So, no sooner do I throw open the field to suggestions for new blog titles than I wake, at 6am yesterday morning, drag myself out of bed, brush my teeth, apply my cleanser, my toner, my spf-15 moisturiser and my eye-reviving stick when I'm suddenly struck, quite unbidden, by the thought that 'Wrestling Emily Dickinson' would be a pretty good new name for the Fishblog.
It isn't Dada. There's logic behind it: a while ago,on Twitter, I found myself holding forth on what, I think, is my central dilemma as a poet: on the one hand I feel strongly about a great many things, and wish to write about them and share those thoughts with others, but, on the other hand, as a perennial piece of childhood bully-bait who in consequence developed masses of low self-esteem, I find this duty constantly at war with my urge to 'do an Emily', retire from the literary fray and hide away from it all, writing purely for posthumous publication if any. If I'm to stand any chance of saying what I want to, though, I have to overcome my inner Emily, and that's the force that I wrestle with here. The archetypal Emily Dickinson, the little voice that says don't go out there, it's scary... I certainly mean no violence to the real Ms D, who - as you can probably tell from the amount of time spent dwelling on her example - is kind of a poetry icon of mine.

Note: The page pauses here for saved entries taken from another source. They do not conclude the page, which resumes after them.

(* Let $p(x)$ be a distribution on $\mathbb{R}^n$, $f_\theta:\mathbb{R}^n\to\mathcal{S}^{d-1}$ an encoder, $\tau>0$ a temperature and $t^->0$. For a query $x$ define $$\pi^-_\theta(x^-\mid x)=\frac{e^{-t^-\|f_\theta(x)-f_\theta(x^-)\|_2^2}\,p(x^-)}{\int e^{-t^-\|f_\theta(x)-f_\theta(x')\|_2^2}\,p(x')\,dx'},$$ the mutual information $$I(X;X^-)=\mathbb{E}_{x\sim p(x)}\mathbb{E}_{x^-\sim\pi^-_\theta(\cdot\mid x)}\Big[\ln\frac{\pi^-_\theta(x^-\mid x)}{p(x^-)}\Big],$$ the contrastive repulsion loss $$\mathcal{L}_{\mathrm{CR}}=\mathbb{E}_{x\sim p(x)}\mathbb{E}_{x^-\sim\pi^-_\theta(\cdot\mid x)}\big[-c(f_\theta(x),f_\theta(x^-))\big]\quad\text{with } c(z_1,z_2)=-z_1^\top z_2/\tau,$$ and the uniformity loss $$\mathcal{L}_{\mathrm{uniform}}=\mathbb{E}_{x\sim p(x)}\Big[\ln\mathbb{E}_{x^-\sim p(x^-)}e^{f_\theta(x^-)^\top f_\theta(x)/\tau}\Big].$$ Then $$\mathcal{L}_{\mathrm{uniform}}+I(X;X^-)\ \geqslant\ \mathcal{L}_{\mathrm{CR}}.$$
   Context: $\mathcal{L}_{\mathrm{uniform}}$ is the limit, as the number $M$ of negative samples tends to infinity, of the contribution of the negative samples to the standard contrastive (InfoNCE) loss $\mathbb{E}\big[-\ln\frac{e^{f_\theta(x)^\top f_\theta(x^+)/\tau}}{e^{f_\theta(x)^\top f_\theta(x^+)/\tau}+\sum_{i=1}^M e^{f_\theta(x_i^-)^\top f_\theta(x)/\tau}}\big]$ (after subtracting $\ln M$), where negatives $x_i^-$ are drawn i.i.d. from $p$ independently of the query $x$. *)

theory Defs
  imports "HOL-Analysis.Analysis"
begin

definition negZ :: "(real^'n::finite \<Rightarrow> real) \<Rightarrow> (real^'n \<Rightarrow> real^'d::finite) \<Rightarrow> real \<Rightarrow> real^'n \<Rightarrow> real"
  where "negZ p f tn x = (\<integral>x'. exp (- tn * (norm (f x - f x'))\<^sup>2) * p x' \<partial>lborel)"

definition pi_neg :: "(real^'n::finite \<Rightarrow> real) \<Rightarrow> (real^'n \<Rightarrow> real^'d::finite) \<Rightarrow> real \<Rightarrow> real^'n \<Rightarrow> real^'n \<Rightarrow> real"
  where "pi_neg p f tn x xm = exp (- tn * (norm (f x - f xm))\<^sup>2) * p xm / negZ p f tn x"

definition mutual_info :: "(real^'n::finite \<Rightarrow> real) \<Rightarrow> (real^'n \<Rightarrow> real^'d::finite) \<Rightarrow> real \<Rightarrow> real"
  where "mutual_info p f tn =
    (\<integral>x. p x * (\<integral>xm. pi_neg p f tn x xm * ln (pi_neg p f tn x xm / p xm) \<partial>lborel) \<partial>lborel)"

definition cost :: "real \<Rightarrow> real^'d::finite \<Rightarrow> real^'d \<Rightarrow> real"
  where "cost tau z1 z2 = - (z1 \<bullet> z2) / tau"

definition L_CR :: "(real^'n::finite \<Rightarrow> real) \<Rightarrow> (real^'n \<Rightarrow> real^'d::finite) \<Rightarrow> real \<Rightarrow> real \<Rightarrow> real"
  where "L_CR p f tau tn =
    (\<integral>x. p x * (\<integral>xm. pi_neg p f tn x xm * (- cost tau (f x) (f xm)) \<partial>lborel) \<partial>lborel)"

definition L_uniform :: "(real^'n::finite \<Rightarrow> real) \<Rightarrow> (real^'n \<Rightarrow> real^'d::finite) \<Rightarrow> real \<Rightarrow> real"
  where "L_uniform p f tau =
    (\<integral>x. p x * ln (\<integral>xm. p xm * exp ((f xm \<bullet> f x) / tau) \<partial>lborel) \<partial>lborel)"

end

(* For a query x the negative distribution has density w = pi^-(. | x) / p with respect to p.
   With q = p w and s(x^-) = f(x)^T f(x^-) / tau, the inner integrals of L_CR, I(X;X^-) and
   L_uniform are E_q s, KL(q || p) and ln E_p e^s, and the Donsker-Varadhan inequality
   E_q s <= KL(q || p) + ln E_p e^s, obtained by integrating the Fenchel-Young inequality
   w s <= w ln w - w + e^s against p, holds for every x. As f takes values on the sphere, all
   integrands are bounded, so the inequality can be integrated against p(x). *)

theory Submission
  imports Defs
begin

lemma fenchel_young_exp_ln:
  fixes w s :: real
  assumes "0 \<le> w"
  shows "w * s \<le> w * ln w - w + exp s"
proof (cases "w = 0")
  case False
  then have w_pos: "0 < w" using assms by simp
  have "ln (exp s / w) \<le> exp s / w - 1"
    using w_pos by (intro ln_le_minus_one) simp
  then have "w * (s - ln w) \<le> w * (exp s / w - 1)"
    using w_pos by (simp add: ln_div mult_left_mono)
  then show ?thesis using w_pos by (simp add: algebra_simps)
qed simp

lemma abs_mult_ln_le:
  fixes w :: real
  assumes "0 \<le> w" "w \<le> W"
  shows "\<bar>w * ln w\<bar> \<le> 1 + W\<^sup>2"
proof (cases "w \<le> 1")
  case True
  have "- (w * ln w) \<le> 1 - w"
    using fenchel_young_exp_ln[OF assms(1), of 0] by simp
  moreover have "w * ln w \<le> 0"
    using True assms(1) by (cases "w = 0") (auto simp: mult_nonneg_nonpos)
  ultimately show ?thesis
    unfolding abs_le_iff using assms(1) zero_le_power2[of W] by linarith
next
  case False
  then have "0 \<le> ln w" "ln w \<le> w - 1" by (simp_all add: ln_le_minus_one)
  then have "0 \<le> w * ln w" "w * ln w \<le> w * (w - 1)"
    using False by (simp_all add: mult_left_mono)
  moreover have "w * w \<le> W\<^sup>2"
    using power_mono[OF assms(2) assms(1), of 2] by (simp add: power2_eq_square)
  ultimately show ?thesis
    using False unfolding abs_le_iff right_diff_distrib mult_1_right by linarith
qed

locale probability_density =
  fixes M :: "'a measure" and p :: "'a \<Rightarrow> real"
  assumes integrable_density: "integrable M p"
    and density_nonneg: "\<And>x. 0 \<le> p x"
    and integral_density: "(\<integral>x. p x \<partial>M) = 1"
begin

lemma integrable_density_mult_bounded:
  assumes "g \<in> borel_measurable M" "\<And>x. x \<in> space M \<Longrightarrow> \<bar>g x\<bar> \<le> B"
  shows "integrable M (\<lambda>x. p x * g x)"
proof (rule Bochner_Integration.integrable_bound[where f = "\<lambda>x. B * p x"])
  show "integrable M (\<lambda>x. B * p x)" using integrable_density by simp
  show "(\<lambda>x. p x * g x) \<in> borel_measurable M"
    using integrable_density assms(1) by measurable
  have "\<bar>p x * g x\<bar> \<le> B * p x" if "x \<in> space M" for x
    using mult_left_mono[OF assms(2)[OF that] density_nonneg[of x]] density_nonneg[of x]
    by (simp add: abs_mult mult.commute)
  then show "AE x in M. norm (p x * g x) \<le> norm (B * p x)"
    by (auto intro: order_trans[OF _ abs_ge_self])
qed

lemma integral_density_mult_bounds:
  assumes "g \<in> borel_measurable M" "\<And>x. x \<in> space M \<Longrightarrow> g x \<in> {a..b}"
  shows "(\<integral>x. p x * g x \<partial>M) \<in> {a..b}"
proof -
  have "\<bar>g x\<bar> \<le> \<bar>a\<bar> + \<bar>b\<bar>" if "x \<in> space M" for x
    using assms(2)[OF that] by auto
  then have g_int: "integrable M (\<lambda>x. p x * g x)"
    using assms(1) by (rule integrable_density_mult_bounded[rotated])
  have "(\<integral>x. p x * a \<partial>M) \<le> (\<integral>x. p x * g x \<partial>M)"
    "(\<integral>x. p x * g x \<partial>M) \<le> (\<integral>x. p x * b \<partial>M)"
    using assms(2) density_nonneg
    by (intro integral_mono g_int integrable_mult_left integrable_density mult_left_mono; force)+
  then show ?thesis using integral_density by simp
qed

lemma abs_integral_density_mult_le:
  assumes "g \<in> borel_measurable M" "\<And>x. x \<in> space M \<Longrightarrow> \<bar>g x\<bar> \<le> B"
  shows "\<bar>\<integral>x. p x * g x \<partial>M\<bar> \<le> B"
proof -
  have "g x \<in> {- B..B}" if "x \<in> space M" for x
    using assms(2)[OF that] by auto
  then have "(\<integral>x. p x * g x \<partial>M) \<in> {- B..B}"
    using assms(1) by (rule integral_density_mult_bounds[rotated])
  then show ?thesis by auto
qed

lemma integral_density_exp_bounds:
  assumes "s \<in> borel_measurable M" "\<And>x. x \<in> space M \<Longrightarrow> \<bar>s x\<bar> \<le> S"
  shows "(\<integral>x. p x * exp (s x) \<partial>M) \<in> {exp (- S)..exp S}"
proof (rule integral_density_mult_bounds)
  show "exp (s x) \<in> {exp (- S)..exp S}" if "x \<in> space M" for x
    using assms(2)[OF that] by auto
qed (use assms(1) in measurable)

lemma abs_ln_integral_density_exp_le:
  assumes "s \<in> borel_measurable M" "\<And>x. x \<in> space M \<Longrightarrow> \<bar>s x\<bar> \<le> S"
  shows "\<bar>ln (\<integral>x. p x * exp (s x) \<partial>M)\<bar> \<le> S"
proof -
  have "(\<integral>x. p x * exp (s x) \<partial>M) \<in> {exp (- S)..exp S}"
    by (rule integral_density_exp_bounds[OF assms])
  then have "ln (exp (- S)) \<le> ln (\<integral>x. p x * exp (s x) \<partial>M)"
    "ln (\<integral>x. p x * exp (s x) \<partial>M) \<le> ln (exp S)"
    by (auto intro!: ln_mono simp del: ln_exp intro: less_le_trans[OF exp_gt_zero])
  then show ?thesis by simp
qed

lemma integral_density_mult_le_add:
  assumes "g \<in> borel_measurable M" "h \<in> borel_measurable M" "k \<in> borel_measurable M"
    and "\<And>x. x \<in> space M \<Longrightarrow> \<bar>g x\<bar> \<le> G"
    and "\<And>x. x \<in> space M \<Longrightarrow> \<bar>h x\<bar> \<le> H"
    and "\<And>x. x \<in> space M \<Longrightarrow> \<bar>k x\<bar> \<le> K"
    and "\<And>x. x \<in> space M \<Longrightarrow> g x \<le> h x + k x"
  shows "(\<integral>x. p x * g x \<partial>M)
    \<le> (\<integral>x. p x * h x \<partial>M) + (\<integral>x. p x * k x \<partial>M)"
proof -
  have int: "integrable M (\<lambda>x. p x * g x)" "integrable M (\<lambda>x. p x * h x)"
    "integrable M (\<lambda>x. p x * k x)"
    using assms(1-6) by (auto intro: integrable_density_mult_bounded)
  have "p x * g x \<le> p x * h x + p x * k x" if "x \<in> space M" for x
    using mult_left_mono[OF assms(7)[OF that] density_nonneg] by (simp add: distrib_left)
  then have "(\<integral>x. p x * g x \<partial>M) \<le> (\<integral>x. p x * h x + p x * k x \<partial>M)"
    using int by (intro integral_mono) auto
  also have "\<dots> = (\<integral>x. p x * h x \<partial>M) + (\<integral>x. p x * k x \<partial>M)"
    using int by simp
  finally show ?thesis .
qed

lemma donsker_varadhan_inequality:
  assumes w_meas: "w \<in> borel_measurable M"
    and w_nonneg: "\<And>x. x \<in> space M \<Longrightarrow> 0 \<le> w x"
    and w_le: "\<And>x. x \<in> space M \<Longrightarrow> w x \<le> W"
    and w_total: "(\<integral>x. p x * w x \<partial>M) = 1"
    and s_meas: "s \<in> borel_measurable M"
    and s_bounded: "\<And>x. x \<in> space M \<Longrightarrow> \<bar>s x\<bar> \<le> S"
  shows "(\<integral>x. p x * (w x * s x) \<partial>M)
    \<le> (\<integral>x. p x * (w x * ln (w x)) \<partial>M) + ln (\<integral>x. p x * exp (s x) \<partial>M)"
proof -
  define A where "A = (\<integral>x. p x * exp (s x) \<partial>M)"
  have A_pos: "0 < A"
    using integral_density_exp_bounds[OF s_meas s_bounded] unfolding A_def
    by (auto intro: less_le_trans[OF exp_gt_zero])
  have int_w: "integrable M (\<lambda>x. p x * w x)"
    using w_meas w_nonneg w_le by (intro integrable_density_mult_bounded[where B = W]) auto
  have "\<bar>exp (s x)\<bar> \<le> exp S" if "x \<in> space M" for x
    using s_bounded[OF that] by simp
  then have int_exp: "integrable M (\<lambda>x. p x * exp (s x))"
    using s_meas by (intro integrable_density_mult_bounded) auto
  have int_ws: "integrable M (\<lambda>x. p x * (w x * s x))"
  proof (rule integrable_density_mult_bounded)
    show "\<bar>w x * s x\<bar> \<le> W * S" if "x \<in> space M" for x
      unfolding abs_mult using w_nonneg[OF that] w_le[OF that] s_bounded[OF that]
      by (intro mult_mono) auto
  qed (use w_meas s_meas in measurable)
  have int_wlnw: "integrable M (\<lambda>x. p x * (w x * ln (w x)))"
  proof (rule integrable_density_mult_bounded)
    show "\<bar>w x * ln (w x)\<bar> \<le> 1 + W\<^sup>2" if "x \<in> space M" for x
      using w_nonneg[OF that] w_le[OF that] by (rule abs_mult_ln_le)
  qed (use w_meas in measurable)
  have "p x * (w x * s x) \<le> p x * (w x * ln (w x)) + p x * (exp (s x) / A - w x) + ln A * (p x * w x)"
    if "x \<in> space M" for x
  proof -
    have "w x * (s x - ln A) \<le> w x * ln (w x) - w x + exp (s x - ln A)"
      by (rule fenchel_young_exp_ln[OF w_nonneg[OF that]])
    then have "p x * (w x * (s x - ln A)) \<le> p x * (w x * ln (w x) - w x + exp (s x) / A)"
      using A_pos density_nonneg[of x] by (simp add: exp_diff mult_left_mono)
    then show ?thesis by (simp add: algebra_simps)
  qed
  then have "(\<integral>x. p x * (w x * s x) \<partial>M)
      \<le> (\<integral>x. p x * (w x * ln (w x)) + p x * (exp (s x) / A - w x) + ln A * (p x * w x) \<partial>M)"
    using int_ws int_wlnw int_exp int_w
    by (intro integral_mono) (auto simp: right_diff_distrib)
  also have "\<dots> = (\<integral>x. p x * (w x * ln (w x)) \<partial>M) + ln A"
  proof -
    have "(\<integral>x. p x * (exp (s x) / A - w x) \<partial>M) = 0"
      using int_exp int_w A_pos w_total
      by (simp add: right_diff_distrib integral_diff A_def[symmetric])
    then show ?thesis
      using int_wlnw int_exp int_w w_total by (simp add: right_diff_distrib)
  qed
  finally show ?thesis unfolding A_def .
qed
section \<open>The inverse metric split along a timelike vector\<close>

lemma frame_coordinates:
  assumes fr: "lorentz_frame G e"
    and l: "l = (\<Sum>a\<in>UNIV. (\<Sum>b\<in>UNIV. G a b * z b) * z a)"
  shows "\<exists>c. (\<forall>a. z a = (\<Sum>i\<in>UNIV. c i * e i a)) \<and> l = c 1 ^ 2 + c 2 ^ 2 + c 3 ^ 2 - c 0 ^ 2"
proof -
  define p where "p i = (\<Sum>a\<in>UNIV. \<Sum>b\<in>UNIV. G a b * e i a * z b)" for i
  define c where "c i = minkowski i * p i" for i
  have zexp: "z a = (\<Sum>i\<in>UNIV. c i * e i a)" for a
  proof -
    have "z a = (\<Sum>k\<in>UNIV. (\<Sum>b\<in>UNIV. frame_inverse e a b * G b k) * z k)"
      by (simp add: frame_inverse_entries(2)[OF fr] mult_if_zero_left sum.delta)
    also have "\<dots> = (\<Sum>k\<in>UNIV. \<Sum>b\<in>UNIV. \<Sum>i\<in>UNIV. minkowski i * e i a * e i b * G b k * z k)"
      by (simp add: frame_inverse_def sum_distrib_right)
    also have "\<dots> = (\<Sum>i\<in>UNIV. \<Sum>b\<in>UNIV. \<Sum>k\<in>UNIV. minkowski i * e i a * e i b * G b k * z k)"
      by (subst sum.swap, subst (2) sum.swap, subst sum.swap, rule refl)
    also have "\<dots> = (\<Sum>i\<in>UNIV. c i * e i a)"
      by (simp add: c_def p_def sum_distrib_left sum_distrib_right ac_simps)
    finally show ?thesis .
  qed
  have "l = (\<Sum>i\<in>UNIV. \<Sum>a\<in>UNIV. \<Sum>b\<in>UNIV. G a b * z b * c i * e i a)"
    unfolding l
    by (subst (2) zexp, simp add: sum_distrib_left sum_distrib_right ac_simps,
        subst sum.swap, subst (2) sum.swap, rule refl)
  also have "\<dots> = (\<Sum>i\<in>UNIV. c i * p i)"
    by (rule sum.cong[OF refl]) (simp add: p_def sum_distrib_left ac_simps)
  also have "\<dots> = c 1 ^ 2 + c 2 ^ 2 + c 3 ^ 2 - c 0 ^ 2"
    by (simp add: c_def minkowski_def sum_4 four_eq_zero power2_eq_square)
  finally show ?thesis using zexp by blast
qed

text \<open>The scalar identity behind the splitting: with s = c_1^2+c_2^2+c_3^2 and
  l = s - c_0^2 < 0, a rank-one correction turns a Lorentzian quadratic form into a sum of
  two positive pieces.\<close>
lemma timelike_split_identity:
  fixes c0 s A0 D0 S cA cD l :: real
  assumes l: "l = s - c0^2" and ln: "l < 0" and c0: "c0 \<noteq> 0"
  shows "S - A0*D0 - (c0*A0 + cA)*(c0*D0 + cD)/l
   = (s*A0*D0 + c0*A0*cD + c0*D0*cA + c0^2*S)/c0^2 + (s*A0 + c0*cA)*(s*D0 + c0*cD)/(c0^2 * (-l))"
proof -
  have l0: "l \<noteq> 0" using ln by simp
  have "S - A0*D0 - (c0*A0 + cA)*(c0*D0 + cD)/l
      = ((S - A0*D0)*(c0^2*(-l)) + (c0*A0 + cA)*(c0*D0 + cD)*c0^2)/(c0^2*(-l))"
    using c0 l0 by (simp add: field_simps)
  also have "\<dots> = ((s*A0*D0 + c0*A0*cD + c0*D0*cA + c0^2*S)*(-l) + (s*A0 + c0*cA)*(s*D0 + c0*cD))/(c0^2*(-l))"
    by (rule arg_cong[where f="\<lambda>x. x / _"]) (simp add: l algebra_simps power2_eq_square)
  also have "\<dots> = (s*A0*D0 + c0*A0*cD + c0*D0*cA + c0^2*S)/c0^2 + (s*A0 + c0*cA)*(s*D0 + c0*cD)/(c0^2 * (-l))"
    using c0 l0 by (simp add: field_simps)
  finally show ?thesis .
qed

lemma timelike_inverse_split:
  assumes zc: "\<And>a. z a = (\<Sum>i\<in>UNIV. c i * e i a)"
    and ls: "l = c 1 ^ 2 + c 2 ^ 2 + c 3 ^ 2 - c 0 ^ 2" and lneg: "l < 0"
  shows "\<exists>(\<mu> :: 4 \<Rightarrow> real) (w :: 4 \<Rightarrow> 4 \<Rightarrow> real). (\<forall>m. \<mu> m > 0) \<and>
           (\<forall>a d. frame_inverse e a d = (\<Sum>m\<in>UNIV. \<mu> m * w m a * w m d) + (1/l) * z a * z d)"
proof -
  define s where "s = c 1 ^ 2 + c 2 ^ 2 + c 3 ^ 2"
  have l: "l = s - c 0 ^ 2" using ls s_def by simp
  have c0: "c 0 \<noteq> 0"
  proof
    assume "c 0 = 0"
    then have "l \<ge> 0" using l s_def by simp
    with lneg show False by simp
  qed
  define wk where "wk m a = c m * e 0 a + c 0 * e m a" for m a
  define w where "w m a = (if m = 0 then c 1 * wk 1 a + c 2 * wk 2 a + c 3 * wk 3 a else wk m a)" for m a
  define \<mu> where "\<mu> (m::4) = (if m = 0 then 1 / (c 0 ^ 2 * (-l)) else 1 / c 0 ^ 2)" for m
  have "c 0 ^ 2 * l < 0" using c0 lneg by (simp add: mult_pos_neg)
  then have mupos: "\<mu> m > 0" for m using c0 by (simp add: \<mu>_def)
  have split: "frame_inverse e a d = (\<Sum>m\<in>UNIV. \<mu> m * w m a * w m d) + (1/l) * z a * z d" for a d
  proof -
    define S where "S = e 1 a * e 1 d + e 2 a * e 2 d + e 3 a * e 3 d"
    define cA where "cA = c 1 * e 1 a + c 2 * e 2 a + c 3 * e 3 a"
    define cD where "cD = c 1 * e 1 d + c 2 * e 2 d + c 3 * e 3 d"
    have H: "frame_inverse e a d = S - e 0 a * e 0 d"
      by (simp add: frame_inverse_def sum_4 minkowski_def S_def four_eq_zero)
    have za: "z a = c 0 * e 0 a + cA" and zd: "z d = c 0 * e 0 d + cD"
      using zc[of a] zc[of d] by (simp_all add: sum_4 cA_def cD_def ac_simps four_eq_zero)
    have X: "wk 1 a * wk 1 d + wk 2 a * wk 2 d + wk 3 a * wk 3 d
        = s*e 0 a*e 0 d + c 0*e 0 a*cD + c 0*e 0 d*cA + c 0^2*S"
      by (simp add: wk_def s_def S_def cA_def cD_def algebra_simps power2_eq_square)
    have YA: "c 1 * wk 1 a + c 2 * wk 2 a + c 3 * wk 3 a = s*e 0 a + c 0*cA"
      by (simp add: wk_def s_def cA_def algebra_simps power2_eq_square)
    have YD: "c 1 * wk 1 d + c 2 * wk 2 d + c 3 * wk 3 d = s*e 0 d + c 0*cD"
      by (simp add: wk_def s_def cD_def algebra_simps power2_eq_square)
    have sumw: "(\<Sum>m\<in>UNIV. \<mu> m * w m a * w m d)
       = (wk 1 a * wk 1 d + wk 2 a * wk 2 d + wk 3 a * wk 3 d) / c 0^2
         + (c 1 * wk 1 a + c 2 * wk 2 a + c 3 * wk 3 a) * (c 1 * wk 1 d + c 2 * wk 2 d + c 3 * wk 3 d)
           / (c 0^2 * (-l))"
      using c0 lneg by (simp add: sum_4 \<mu>_def w_def four_eq_zero field_simps)
    have "S - e 0 a * e 0 d = (S - e 0 a * e 0 d - (c 0 * e 0 a + cA) * (c 0 * e 0 d + cD) / l)
        + (c 0 * e 0 a + cA) * (c 0 * e 0 d + cD) / l"
      by simp
    also have "\<dots> = (s*e 0 a*e 0 d + c 0*e 0 a*cD + c 0*e 0 d*cA + c 0^2*S)/c 0^2
         + (s*e 0 a + c 0*cA)*(s*e 0 d + c 0*cD)/(c 0^2 * (-l))
         + (c 0 * e 0 a + cA) * (c 0 * e 0 d + cD) / l"
      unfolding timelike_split_identity[OF l lneg c0] ..
    finally show ?thesis unfolding H sumw X YA YD za zd by simp
  qed
  show ?thesis using mupos split by blast
qed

There's also - from my perspective as a genderqueer individual - something quite delicious about the fact that this title also refers to that of the film Wrestling Ernest Hemingway. That's deliberate. I hate the cult of literary machismo which Papa Hemingway has, rightly or wrongly, came to embody, the idea that it's necessary for a male-assigned-at-birth (MAAB) writer to be tough, hard and two-fisted in order to be cool.
I'm not tough. I'm not hard. And, while I can definitely curl my girly little hands into fists, I'd hardly call them deadly weapons, no matter how much time I put it on the Wii Boxing. But y'know what? I have one weapon that, when it works right, is unstoppable. An ace-in-the-hole that can stop anyone in their tracks, knock the wind out of their sails and leave them reeling. That weapon is language, and it's powerful when I use it not to conform to other peoples' tired narratives, but when I use it to articulate my truth. Even if the responsibility of using language to tell that truth scares me.
My Inner Emily says: write, but don't share. Stay out of it. Don't get involved. But something else inside me looks around, looks at a world that still fails its most marginalised people on so many levels, looks at a world that punishes those that stand outside its carefully-policed boundaries and says: no. I have to get involved. Even if it does scare the shit out of me - which it does, on an almost-daily basis.
And so, perhaps against my better judgement, I fight my inner Emily, and I speak out.
All in all, then, it seems like a pretty good title.